• **PROBLEM REQUIREMENTS**: Where the records below reach the line containing "E \<longleftrightarrow> (\<forall>x\<in>V.", start transcribing, and end with the line containing "E \<longleftrightarrow> (\<exists>c\<in>V.", exactly and with nothing else added.

• **DATA EXTRACTS**:
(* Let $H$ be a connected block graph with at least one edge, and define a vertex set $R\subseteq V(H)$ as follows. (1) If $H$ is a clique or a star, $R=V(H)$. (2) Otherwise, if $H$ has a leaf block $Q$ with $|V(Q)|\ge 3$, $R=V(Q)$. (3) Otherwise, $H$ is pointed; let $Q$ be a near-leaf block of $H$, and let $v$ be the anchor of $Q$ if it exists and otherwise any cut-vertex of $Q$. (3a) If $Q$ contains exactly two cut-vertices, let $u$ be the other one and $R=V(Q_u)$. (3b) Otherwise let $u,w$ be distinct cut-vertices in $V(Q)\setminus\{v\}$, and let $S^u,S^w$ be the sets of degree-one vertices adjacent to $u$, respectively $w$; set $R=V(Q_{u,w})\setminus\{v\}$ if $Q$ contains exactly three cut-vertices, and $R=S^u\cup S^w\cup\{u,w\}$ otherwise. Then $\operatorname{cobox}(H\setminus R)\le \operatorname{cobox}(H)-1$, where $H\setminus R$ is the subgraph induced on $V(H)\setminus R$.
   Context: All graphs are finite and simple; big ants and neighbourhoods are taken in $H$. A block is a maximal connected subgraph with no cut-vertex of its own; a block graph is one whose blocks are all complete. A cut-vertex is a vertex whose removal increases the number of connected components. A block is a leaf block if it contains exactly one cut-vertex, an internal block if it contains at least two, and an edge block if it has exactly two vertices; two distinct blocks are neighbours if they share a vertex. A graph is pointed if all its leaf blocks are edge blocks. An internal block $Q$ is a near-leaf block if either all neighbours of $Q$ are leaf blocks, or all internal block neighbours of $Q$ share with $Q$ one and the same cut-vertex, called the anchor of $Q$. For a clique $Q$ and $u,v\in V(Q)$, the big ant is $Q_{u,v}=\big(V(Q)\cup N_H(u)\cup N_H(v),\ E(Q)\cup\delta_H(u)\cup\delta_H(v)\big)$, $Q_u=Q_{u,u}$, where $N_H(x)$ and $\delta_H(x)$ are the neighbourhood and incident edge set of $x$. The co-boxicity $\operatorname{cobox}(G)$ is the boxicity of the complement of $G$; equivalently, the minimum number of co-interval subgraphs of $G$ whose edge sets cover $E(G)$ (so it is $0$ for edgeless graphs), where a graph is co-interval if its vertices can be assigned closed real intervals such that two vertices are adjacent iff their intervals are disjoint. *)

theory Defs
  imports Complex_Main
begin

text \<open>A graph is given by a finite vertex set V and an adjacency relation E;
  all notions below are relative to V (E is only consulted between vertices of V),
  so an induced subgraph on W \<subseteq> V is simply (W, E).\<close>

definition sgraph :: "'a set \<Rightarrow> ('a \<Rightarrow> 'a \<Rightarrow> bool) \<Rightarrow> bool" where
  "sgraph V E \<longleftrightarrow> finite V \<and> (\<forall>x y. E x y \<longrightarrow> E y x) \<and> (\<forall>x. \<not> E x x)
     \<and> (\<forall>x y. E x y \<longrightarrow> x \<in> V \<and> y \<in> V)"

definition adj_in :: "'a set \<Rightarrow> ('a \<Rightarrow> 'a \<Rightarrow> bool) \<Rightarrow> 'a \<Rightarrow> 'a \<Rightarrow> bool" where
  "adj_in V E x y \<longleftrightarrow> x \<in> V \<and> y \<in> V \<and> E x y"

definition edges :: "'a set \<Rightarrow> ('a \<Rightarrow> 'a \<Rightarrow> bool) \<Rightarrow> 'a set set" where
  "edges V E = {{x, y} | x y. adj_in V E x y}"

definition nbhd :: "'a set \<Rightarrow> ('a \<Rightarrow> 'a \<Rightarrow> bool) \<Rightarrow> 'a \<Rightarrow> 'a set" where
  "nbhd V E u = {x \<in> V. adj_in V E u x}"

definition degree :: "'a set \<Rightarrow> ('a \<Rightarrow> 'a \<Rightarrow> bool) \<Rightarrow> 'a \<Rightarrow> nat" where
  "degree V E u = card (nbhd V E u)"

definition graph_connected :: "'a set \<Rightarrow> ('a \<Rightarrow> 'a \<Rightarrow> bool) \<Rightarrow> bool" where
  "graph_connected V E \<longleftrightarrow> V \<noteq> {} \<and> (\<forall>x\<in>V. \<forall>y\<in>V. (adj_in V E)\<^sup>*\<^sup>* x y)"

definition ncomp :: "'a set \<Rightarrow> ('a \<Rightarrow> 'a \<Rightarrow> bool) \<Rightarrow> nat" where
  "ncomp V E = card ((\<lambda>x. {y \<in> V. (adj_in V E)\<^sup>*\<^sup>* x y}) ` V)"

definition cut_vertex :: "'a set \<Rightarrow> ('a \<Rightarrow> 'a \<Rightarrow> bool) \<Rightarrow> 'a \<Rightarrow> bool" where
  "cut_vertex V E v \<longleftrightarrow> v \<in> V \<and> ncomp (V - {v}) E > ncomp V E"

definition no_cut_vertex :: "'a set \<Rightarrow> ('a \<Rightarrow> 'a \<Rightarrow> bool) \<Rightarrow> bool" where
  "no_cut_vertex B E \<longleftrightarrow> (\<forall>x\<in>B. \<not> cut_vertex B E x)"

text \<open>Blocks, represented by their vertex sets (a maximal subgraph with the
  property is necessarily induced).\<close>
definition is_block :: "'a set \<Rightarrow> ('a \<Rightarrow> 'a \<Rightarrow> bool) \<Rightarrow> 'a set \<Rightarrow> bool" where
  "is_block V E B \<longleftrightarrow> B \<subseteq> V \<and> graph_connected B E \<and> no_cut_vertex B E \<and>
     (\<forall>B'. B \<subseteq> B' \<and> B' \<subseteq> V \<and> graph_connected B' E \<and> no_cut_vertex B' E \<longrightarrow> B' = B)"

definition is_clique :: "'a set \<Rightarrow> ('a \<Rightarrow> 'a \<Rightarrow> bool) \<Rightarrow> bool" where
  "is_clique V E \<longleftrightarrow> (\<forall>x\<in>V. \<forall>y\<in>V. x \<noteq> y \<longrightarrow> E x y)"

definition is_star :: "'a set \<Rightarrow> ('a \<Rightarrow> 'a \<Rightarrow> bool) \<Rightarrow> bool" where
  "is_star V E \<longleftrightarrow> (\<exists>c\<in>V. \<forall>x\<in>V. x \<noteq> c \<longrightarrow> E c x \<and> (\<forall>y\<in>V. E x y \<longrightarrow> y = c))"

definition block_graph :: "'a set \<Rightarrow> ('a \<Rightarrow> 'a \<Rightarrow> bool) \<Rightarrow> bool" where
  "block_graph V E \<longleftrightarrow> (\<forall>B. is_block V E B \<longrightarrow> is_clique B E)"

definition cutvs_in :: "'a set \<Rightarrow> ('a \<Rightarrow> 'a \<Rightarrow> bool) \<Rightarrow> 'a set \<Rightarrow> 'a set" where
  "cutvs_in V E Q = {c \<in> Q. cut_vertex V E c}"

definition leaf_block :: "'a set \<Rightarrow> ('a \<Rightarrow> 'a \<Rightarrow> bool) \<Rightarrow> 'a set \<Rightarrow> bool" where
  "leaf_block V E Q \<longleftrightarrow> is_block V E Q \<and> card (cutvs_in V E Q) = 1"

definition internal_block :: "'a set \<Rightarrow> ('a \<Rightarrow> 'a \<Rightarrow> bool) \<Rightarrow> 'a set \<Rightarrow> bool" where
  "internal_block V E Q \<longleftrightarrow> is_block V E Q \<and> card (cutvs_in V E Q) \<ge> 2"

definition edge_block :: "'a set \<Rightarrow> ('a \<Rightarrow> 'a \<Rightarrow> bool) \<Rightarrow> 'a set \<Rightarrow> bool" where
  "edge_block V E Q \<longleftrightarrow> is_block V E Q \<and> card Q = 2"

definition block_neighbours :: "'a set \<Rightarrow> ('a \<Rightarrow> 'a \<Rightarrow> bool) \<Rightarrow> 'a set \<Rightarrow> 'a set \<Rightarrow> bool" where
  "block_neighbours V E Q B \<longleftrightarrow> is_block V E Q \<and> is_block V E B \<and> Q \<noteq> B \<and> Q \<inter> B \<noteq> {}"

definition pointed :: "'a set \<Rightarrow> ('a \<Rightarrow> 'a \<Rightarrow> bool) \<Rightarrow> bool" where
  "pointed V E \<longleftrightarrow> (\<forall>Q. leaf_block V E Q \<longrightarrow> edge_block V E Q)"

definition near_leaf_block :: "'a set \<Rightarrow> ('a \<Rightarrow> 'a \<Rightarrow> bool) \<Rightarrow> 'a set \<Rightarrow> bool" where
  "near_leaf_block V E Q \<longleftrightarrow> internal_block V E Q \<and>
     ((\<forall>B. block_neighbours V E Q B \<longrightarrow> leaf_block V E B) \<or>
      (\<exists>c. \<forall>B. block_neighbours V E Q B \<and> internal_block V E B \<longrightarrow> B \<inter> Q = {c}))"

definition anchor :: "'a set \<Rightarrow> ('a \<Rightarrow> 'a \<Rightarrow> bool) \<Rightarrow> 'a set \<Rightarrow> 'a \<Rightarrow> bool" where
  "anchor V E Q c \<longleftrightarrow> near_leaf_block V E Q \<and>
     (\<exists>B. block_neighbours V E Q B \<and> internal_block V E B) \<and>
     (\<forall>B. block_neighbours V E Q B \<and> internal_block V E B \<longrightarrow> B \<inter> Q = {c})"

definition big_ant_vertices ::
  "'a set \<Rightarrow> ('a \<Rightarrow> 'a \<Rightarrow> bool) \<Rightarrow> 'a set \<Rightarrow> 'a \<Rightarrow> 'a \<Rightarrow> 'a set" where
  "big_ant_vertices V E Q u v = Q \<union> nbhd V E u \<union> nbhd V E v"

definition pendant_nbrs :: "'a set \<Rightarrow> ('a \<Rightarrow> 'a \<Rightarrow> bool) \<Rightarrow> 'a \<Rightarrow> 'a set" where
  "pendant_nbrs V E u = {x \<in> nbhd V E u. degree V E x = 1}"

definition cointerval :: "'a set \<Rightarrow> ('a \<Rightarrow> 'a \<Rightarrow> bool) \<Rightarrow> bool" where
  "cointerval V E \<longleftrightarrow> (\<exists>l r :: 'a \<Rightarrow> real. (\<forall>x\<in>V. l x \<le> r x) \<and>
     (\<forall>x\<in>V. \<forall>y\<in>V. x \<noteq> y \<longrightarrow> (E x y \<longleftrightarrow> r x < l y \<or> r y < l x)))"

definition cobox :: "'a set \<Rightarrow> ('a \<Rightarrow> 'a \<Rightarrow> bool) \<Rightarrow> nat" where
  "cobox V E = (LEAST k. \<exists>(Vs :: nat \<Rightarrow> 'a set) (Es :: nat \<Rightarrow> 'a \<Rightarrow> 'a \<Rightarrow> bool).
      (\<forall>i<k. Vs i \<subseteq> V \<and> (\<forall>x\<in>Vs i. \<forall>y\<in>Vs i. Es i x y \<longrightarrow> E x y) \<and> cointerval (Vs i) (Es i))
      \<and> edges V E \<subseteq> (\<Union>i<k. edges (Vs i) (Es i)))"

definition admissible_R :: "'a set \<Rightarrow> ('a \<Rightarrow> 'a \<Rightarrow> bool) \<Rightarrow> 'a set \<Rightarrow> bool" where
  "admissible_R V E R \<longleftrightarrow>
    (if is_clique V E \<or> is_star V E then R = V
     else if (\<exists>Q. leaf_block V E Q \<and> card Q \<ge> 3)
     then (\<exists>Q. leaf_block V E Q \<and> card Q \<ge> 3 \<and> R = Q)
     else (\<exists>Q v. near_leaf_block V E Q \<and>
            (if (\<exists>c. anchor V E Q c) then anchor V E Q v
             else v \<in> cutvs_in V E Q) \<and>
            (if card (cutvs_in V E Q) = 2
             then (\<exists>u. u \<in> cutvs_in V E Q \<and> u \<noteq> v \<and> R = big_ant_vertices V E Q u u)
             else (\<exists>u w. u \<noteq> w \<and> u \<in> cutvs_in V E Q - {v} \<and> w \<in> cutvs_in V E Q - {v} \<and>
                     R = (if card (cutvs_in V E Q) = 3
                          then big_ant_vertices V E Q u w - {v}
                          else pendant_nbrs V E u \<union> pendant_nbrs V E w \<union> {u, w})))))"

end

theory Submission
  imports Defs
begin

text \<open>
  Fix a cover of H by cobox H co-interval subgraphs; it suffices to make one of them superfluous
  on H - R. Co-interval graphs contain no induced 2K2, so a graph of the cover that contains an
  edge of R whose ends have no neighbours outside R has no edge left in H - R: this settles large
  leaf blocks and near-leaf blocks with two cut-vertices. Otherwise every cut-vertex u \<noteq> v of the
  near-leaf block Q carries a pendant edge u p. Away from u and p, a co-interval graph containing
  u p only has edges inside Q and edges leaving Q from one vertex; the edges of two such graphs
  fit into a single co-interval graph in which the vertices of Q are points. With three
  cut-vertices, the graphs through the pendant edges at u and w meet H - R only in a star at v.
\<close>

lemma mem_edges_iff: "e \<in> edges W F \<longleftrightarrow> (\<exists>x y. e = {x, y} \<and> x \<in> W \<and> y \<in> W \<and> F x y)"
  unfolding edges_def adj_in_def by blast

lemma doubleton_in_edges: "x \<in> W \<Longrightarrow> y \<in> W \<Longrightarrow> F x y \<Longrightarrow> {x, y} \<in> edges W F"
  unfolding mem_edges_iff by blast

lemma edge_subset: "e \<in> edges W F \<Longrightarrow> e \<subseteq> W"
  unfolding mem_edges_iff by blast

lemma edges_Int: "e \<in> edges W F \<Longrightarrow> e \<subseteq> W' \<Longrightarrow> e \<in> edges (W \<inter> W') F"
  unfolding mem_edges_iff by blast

• **EXERCISE OUTPUT**:
  "is_clique V E \<longleftrightarrow> (\<forall>x\<in>V. \<forall>y\<in>V. x \<noteq> y \<longrightarrow> E x y)"

definition is_star :: "'a set \<Rightarrow> ('a \<Rightarrow> 'a \<Rightarrow> bool) \<Rightarrow> bool" where
  "is_star V E \<longleftrightarrow> (\<exists>c\<in>V. \<forall>x\<in>V. x \<noteq> c \<longrightarrow> E c x \<and> (\<forall>y\<in>V. E x y \<longrightarrow> y = c))"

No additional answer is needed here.